- [Task to complete]
Go through the records below and show every line with the string "moreover".

Stored items

(* Let $n \ge 2$, let $\Omega \subset \mathbb{R}^n$ be an unbounded domain, let $f : \Omega \times [0,\infty) \to \mathbb{R}$, and let $u$ be a non-negative (viscosity) solution of the problem $\Delta_\infty u \ge f(x,u)$ in $\Omega$, $u|_{\partial\Omega} = 0$. Let $R > 0$, let $B_R$ be the open ball of radius $R$ centered at the origin, and let $\mathcal{F} : (B_R \cap \Omega) \times [0,\infty) \to \mathbb{R}$ be a function that is non-decreasing in its last argument and satisfies $\mathcal{F}(x,t) < f(x,t)$ for all $x \in B_R \cap \Omega$ and $t > 0$. Let $U \in C^2(B_R \cap \Omega) \cap C(\overline{B_R \cap \Omega})$ be non-negative on $B_R \cap \Omega$, satisfy classically $\Delta_\infty U \le \mathcal{F}(x,U)$ in $B_R \cap \Omega$, and satisfy $U \ge u$ on $\partial(B_R \cap \Omega)$. Then $U \ge u$ on $\overline{B_R \cap \Omega}$.
   Context: The $\infty$-Laplacian is $\Delta_\infty u = \sum_{i,j=1}^n \frac{\partial^2 u}{\partial x_i \partial x_j}\frac{\partial u}{\partial x_i}\frac{\partial u}{\partial x_j}$. For $u:\Omega \to \mathbb{R}$ and $x \in \Omega$, the second-order superjet $J^{2,+}_\Omega u(x)$ is the set of pairs $(v,A)$ with $v \in \mathbb{R}^n$ and $A$ a symmetric $n\times n$ matrix such that $u(y) - u(x) \le \langle v, y-x\rangle + \frac12 \langle A(y-x), y-x\rangle + o(|y-x|^2)$ for all $y$ in some neighborhood of $x$. A function $u \ge 0$ on $\overline{\Omega}$ is a non-negative solution of the problem if $u$ is upper semicontinuous on $\overline{\Omega}$ (i.e. $\limsup_{y\to x} u(y) \le u(x)$ for every $x\in\overline\Omega$), $u = 0$ on $\partial\Omega$, and for every $x \in \Omega$ with $J^{2,+}_\Omega u(x) \ne \emptyset$ one has $\langle Av, v\rangle \ge f(x,u(x))$ for all $(v,A) \in J^{2,+}_\Omega u(x)$. If $\Omega = \mathbb{R}^n$, the boundary condition is void. *)

theory Defs
  imports "HOL-Analysis.Analysis"
begin

definition superjet2 ::
  "(real^('n::finite)) set \<Rightarrow> (real^'n \<Rightarrow> real) \<Rightarrow> real^'n \<Rightarrow> ((real^'n) \<times> (real^'n^'n)) set" where
  "superjet2 \<Omega> u x =
     {(v, A). transpose A = A \<and>
        (\<forall>\<epsilon>>0. \<forall>\<^sub>F y in at x within \<Omega>.
            u y - u x \<le> v \<bullet> (y - x) + (1/2) * ((A *v (y - x)) \<bullet> (y - x)) + \<epsilon> * (norm (y - x))\<^sup>2)}"

definition usc_on :: "'a::topological_space set \<Rightarrow> ('a \<Rightarrow> real) \<Rightarrow> bool" where
  "usc_on S u \<longleftrightarrow> (\<forall>x\<in>S. \<forall>\<epsilon>>0. \<forall>\<^sub>F y in at x within S. u y < u x + \<epsilon>)"

definition nonneg_solution ::
  "(real^'n::finite) set \<Rightarrow> (real^'n \<Rightarrow> real \<Rightarrow> real) \<Rightarrow> (real^'n \<Rightarrow> real) \<Rightarrow> bool" where
  "nonneg_solution \<Omega> f u \<longleftrightarrow>
     (\<forall>x\<in>closure \<Omega>. u x \<ge> 0) \<and>
     usc_on (closure \<Omega>) u \<and>
     (\<forall>x\<in>frontier \<Omega>. u x = 0) \<and>
     (\<forall>x\<in>\<Omega>. \<forall>v A. (v, A) \<in> superjet2 \<Omega> u x \<longrightarrow> (A *v v) \<bullet> v \<ge> f x (u x))"

definition C2_on :: "(real^'n::finite \<Rightarrow> real) \<Rightarrow> (real^'n) set \<Rightarrow> bool" where
  "C2_on U S \<longleftrightarrow>
     (\<exists>g H. (\<forall>x\<in>S. (U has_derivative (\<lambda>h. g x \<bullet> h)) (at x) \<and>
                    (g has_derivative (\<lambda>h. H x *v h)) (at x)) \<and>
            continuous_on S H)"

definition grad :: "(real^'n::finite \<Rightarrow> real) \<Rightarrow> real^'n \<Rightarrow> real^'n" where
  "grad U x = (THE v. (U has_derivative (\<lambda>h. v \<bullet> h)) (at x))"

definition hess :: "(real^'n::finite \<Rightarrow> real) \<Rightarrow> real^'n \<Rightarrow> real^'n^'n" where
  "hess U x = (THE A. (grad U has_derivative (\<lambda>h. A *v h)) (at x))"

definition inf_laplacian :: "(real^'n::finite \<Rightarrow> real) \<Rightarrow> real^'n \<Rightarrow> real" where
  "inf_laplacian U x = (\<Sum>i\<in>UNIV. \<Sum>j\<in>UNIV. hess U x $ i $ j * grad U x $ i * grad U x $ j)"

end

theory Submission
  imports Defs
begin

text \<open>If u - U were positive somewhere on the closure of D = B_R \<inter> \<Omega>, then, being upper
  semicontinuous on a compact set, it would attain a positive maximum at some x0, and x0 cannot lie
  on the boundary, where U \<ge> u. Thus U touches u + const from above at the interior point x0, and
  the second-order Taylor expansion of U puts (grad U x0, hess U x0) into the superjet of u at x0.
  The subsolution property then yields the contradiction
  f(x0, u x0) \<le> \<Delta>\<infinity> U(x0) \<le> F(x0, U x0) \<le> F(x0, u x0) < f(x0, u x0).\<close>

lemma usc_on_subset: "usc_on S u \<Longrightarrow> T \<subseteq> S \<Longrightarrow> usc_on T u"
  unfolding usc_on_def by (meson at_le filter_leD subsetD)

lemma usc_on_diff_continuous:
  assumes "usc_on S u" "continuous_on S U"
  shows "usc_on S (\<lambda>x. u x - U x)"
  unfolding usc_on_def
proof (intro ballI allI impI)
  fix x and e :: real
  assume x: "x \<in> S" and e: "e > 0"
  have "\<forall>\<^sub>F y in at x within S. u y < u x + e/2"
    using assms(1) x e unfolding usc_on_def by simp
  moreover have "\<forall>\<^sub>F y in at x within S. U x - e/2 < U y"
    using assms(2) x e unfolding continuous_on_def by (intro order_tendstoD(1)) auto
  ultimately show "\<forall>\<^sub>F y in at x within S. u y - U y < u x - U x + e"
    by eventually_elim simp
qed

text \<open>Otherwise every point has a strictly better one, and by upper semicontinuity it stays better
  on a neighbourhood; the best of the finitely many such points attached to a finite subcover would
  then beat itself.\<close>

lemma usc_on_attains_max:
  assumes "compact K" "K \<noteq> {}" "usc_on K h"
  shows "\<exists>x\<in>K. \<forall>y\<in>K. h y \<le> h x"
proof (rule ccontr)
  assume "\<not> ?thesis"
  then have "\<forall>x\<in>K. \<exists>y\<in>K. h x < h y"
    by (auto simp: not_le)
  then obtain better where better: "\<forall>x\<in>K. better x \<in> K \<and> h x < h (better x)"
    by metis
  have "\<exists>T. open T \<and> x \<in> T \<and> (\<forall>z\<in>T \<inter> K. h z < h (better x))" if x: "x \<in> K" for x
  proof -
    have "h (better x) - h x > 0"
      using better x by simp
    then have "\<forall>\<^sub>F z in at x within K. h z < h x + (h (better x) - h x)"
      by (rule assms(3)[unfolded usc_on_def, rule_format, OF x])
    then obtain T where "open T" "x \<in> T" "\<forall>z\<in>T. z \<noteq> x \<longrightarrow> z \<in> K \<longrightarrow> h z < h (better x)"
      unfolding eventually_at_topological by auto
    then show ?thesis
      using better x by (intro exI[of _ T]) auto
  qed
  then obtain T where T: "\<forall>x\<in>K. open (T x) \<and> x \<in> T x \<and> (\<forall>z\<in>T x \<inter> K. h z < h (better x))"
    by metis
  then have "K \<subseteq> (\<Union>x\<in>K. T x)"
    by blast
  then obtain C where C: "C \<subseteq> K" "finite C" "K \<subseteq> \<Union>(T ` C)"
    using compactE_image[OF assms(1)] T by metis
  have "Max ((h \<circ> better) ` C) \<in> (h \<circ> better) ` C"
    using C assms(2) by (intro Max_in) auto
  then obtain c where c: "c \<in> C" "h (better c) = Max ((h \<circ> better) ` C)"
    by auto
  have c_max: "h (better c') \<le> h (better c)" if "c' \<in> C" for c'
    unfolding c(2) using C(2) that by (intro Max_ge) auto
  obtain c' where c': "c' \<in> C" "better c \<in> T c'"
    using C c better by blast
  then have "h (better c) < h (better c')"
    using T C c better by blast
  with c_max c' show False
    by fastforce
qed

lemma second_order_taylor_upper_bound:
  fixes U :: "'a::real_inner \<Rightarrow> real"
  assumes S: "open S" "x \<in> S"
    and dU: "\<forall>y\<in>S. (U has_derivative (\<lambda>h. g y \<bullet> h)) (at y)"
    and dg: "(g has_derivative H) (at x)"
    and e: "e > 0"
  shows "\<forall>\<^sub>F y in at x. U y - U x \<le> g x \<bullet> (y - x) + 1/2 * (H (y - x) \<bullet> (y - x)) + e * (norm (y - x))\<^sup>2"
proof -
  interpret H: bounded_linear H
    using dg by (rule has_derivative_bounded_linear)
  obtain d1 where d1: "d1 > 0" "\<forall>y. norm (y - x) < d1 \<longrightarrow> norm (g y - g x - H (y - x)) \<le> e * norm (y - x)"
    using dg e unfolding has_derivative_within_alt by blast
  obtain d2 where d2: "d2 > 0" "ball x d2 \<subseteq> S"
    using S openE by blast
  show ?thesis
    unfolding eventually_at
  proof (intro exI[of _ "min d1 d2"] conjI ballI impI)
    fix y assume "y \<noteq> x \<and> dist y x < min d1 d2"
    then have yd: "norm (y - x) < min d1 d2"
      by (simp add: dist_norm)
    define h where "h = y - x"
    define \<phi> where "\<phi> t = U (x + t *\<^sub>R h) - t * (g x \<bullet> h) - t\<^sup>2/2 * (H h \<bullet> h)" for t
    define \<phi>' where "\<phi>' t = g (x + t *\<^sub>R h) \<bullet> h - g x \<bullet> h - t * (H h \<bullet> h)" for t
    have near: "norm ((x + t *\<^sub>R h) - x) < min d1 d2" if "0 \<le> t" "t \<le> 1" for t
      using yd that mult_left_le_one_le[of "norm h" t] by (simp add: h_def)
    have "(\<phi> has_real_derivative \<phi>' t) (at t)" if "0 \<le> t" "t \<le> 1" for t
    proof -
      have "x + t *\<^sub>R h \<in> S"
        using near[OF that] d2 by (auto simp: dist_norm norm_minus_commute)
      moreover have "((\<lambda>s. x + s *\<^sub>R h) has_derivative (\<lambda>s. s *\<^sub>R h)) (at t)"
        by (auto intro!: derivative_eq_intros)
      ultimately have "((\<lambda>s. U (x + s *\<^sub>R h)) has_derivative (\<lambda>s. g (x + t *\<^sub>R h) \<bullet> (s *\<^sub>R h))) (at t)"
        using dU has_derivative_compose by blast
      moreover have "(\<lambda>s. g (x + t *\<^sub>R h) \<bullet> (s *\<^sub>R h)) = (*) (g (x + t *\<^sub>R h) \<bullet> h)"
        by (simp add: fun_eq_iff mult.commute)
      ultimately have "((\<lambda>s. U (x + s *\<^sub>R h)) has_real_derivative (g (x + t *\<^sub>R h) \<bullet> h)) (at t)"
        unfolding has_field_derivative_def by simp
      then show ?thesis
        unfolding \<phi>_def[abs_def] \<phi>'_def by (auto intro!: derivative_eq_intros)
    qed
    \<comment> \<open>\<phi> 1 - \<phi> 0 is the second-order Taylor remainder; by the mean value theorem it equals \<phi>' z,
      which the differentiability of g at x bounds by e |h|^2.\<close>
    then obtain z where z: "0 < z" "z < 1" "\<phi> 1 - \<phi> 0 = \<phi>' z"
      using MVT2[of 0 1 \<phi> \<phi>'] by auto
    have "\<phi>' z = (g (x + z *\<^sub>R h) - g x - H ((x + z *\<^sub>R h) - x)) \<bullet> h"
      unfolding \<phi>'_def by (simp add: H.scaleR inner_diff_left)
    also have "\<dots> \<le> (e * norm (z *\<^sub>R h)) * norm h"
      using d1(2)[rule_format, of "x + z *\<^sub>R h"] near[of z] z
      by (intro order_trans[OF norm_cauchy_schwarz] mult_right_mono) auto
    also have "\<dots> \<le> e * (norm h)\<^sup>2"
      using z e by (simp add: power2_eq_square mult_left_le_one_le)
    finally show "U y - U x \<le> g x \<bullet> (y - x) + 1/2 * (H (y - x) \<bullet> (y - x)) + e * (norm (y - x))\<^sup>2"
      using z unfolding \<phi>_def h_def by simp
  qed (use d1 d2 in simp)
qed

text \<open>Superjets admit only symmetric matrices, whereas C2_on does not force the Hessian to be
  symmetric; symmetrising leaves the quadratic form unchanged.\<close>

definition sym_part :: "real^'n^'n \<Rightarrow> real^'n^'n" where
  "sym_part M = (1/2) *\<^sub>R (M + transpose M)"

lemma transpose_sym_part: "transpose (sym_part M) = sym_part M"
  unfolding sym_part_def by (simp add: transpose_def vec_eq_iff)

lemma sym_part_quadratic_form: "(sym_part M *v h) \<bullet> h = (M *v h) \<bullet> h"
proof -
  have "(transpose M *v h) \<bullet> h = (M *v h) \<bullet> h"
    by (metis dot_lmul_matrix inner_commute transpose_matrix_vector)
  then show ?thesis
    unfolding sym_part_def
    by (simp add: scaleR_matrix_vector_assoc[symmetric] matrix_vector_mult_add_rdistrib inner_add_left
        del: transpose_matrix_vector)
qed

lemma grad_eqI:
  assumes "(U has_derivative (\<lambda>h. v \<bullet> h)) (at x)"
  shows "grad U x = v"
  unfolding grad_def
proof (rule the_equality)
  fix w assume "(U has_derivative (\<lambda>h. w \<bullet> h)) (at x)"
  then have "(\<lambda>h. w \<bullet> h) = (\<lambda>h. v \<bullet> h)"
    using has_derivative_unique assms by blast
  then have "(w - v) \<bullet> (w - v) = 0"
    by (metis inner_diff_left right_minus_eq)
  then show "w = v" by simp
qed (rule assms)

lemma hess_eqI:
  assumes "(grad U has_derivative (\<lambda>h. A *v h)) (at x)"
  shows "hess U x = A"
  unfolding hess_def
proof (rule the_equality)
  fix B assume "(grad U has_derivative (\<lambda>h. B *v h)) (at x)"
  then show "B = A"
    using has_derivative_unique assms by (metis matrix_eq)
qed (rule assms)

lemma inf_laplacian_eq_quadratic_form:
  "inf_laplacian U x = (hess U x *v grad U x) \<bullet> grad U x"
  unfolding inf_laplacian_def
  by (simp add: matrix_vector_mult_def inner_vec_def sum_distrib_left algebra_simps)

- [Output]
  moreover have "\<forall>\<^sub>F y in at x within S. U x - e/2 < U y"
      moreover have "((\<lambda>s. x + s *\<^sub>R h) has_derivative (\<lambda>s. s *\<^sub>R h)) (at t)"
      moreover have "(\<lambda>s. g (x + t *\<^sub>R h) \<bullet> (s *\<^sub>R h)) = (*) (g (x + t *\<^sub>R h) \<bullet> h)"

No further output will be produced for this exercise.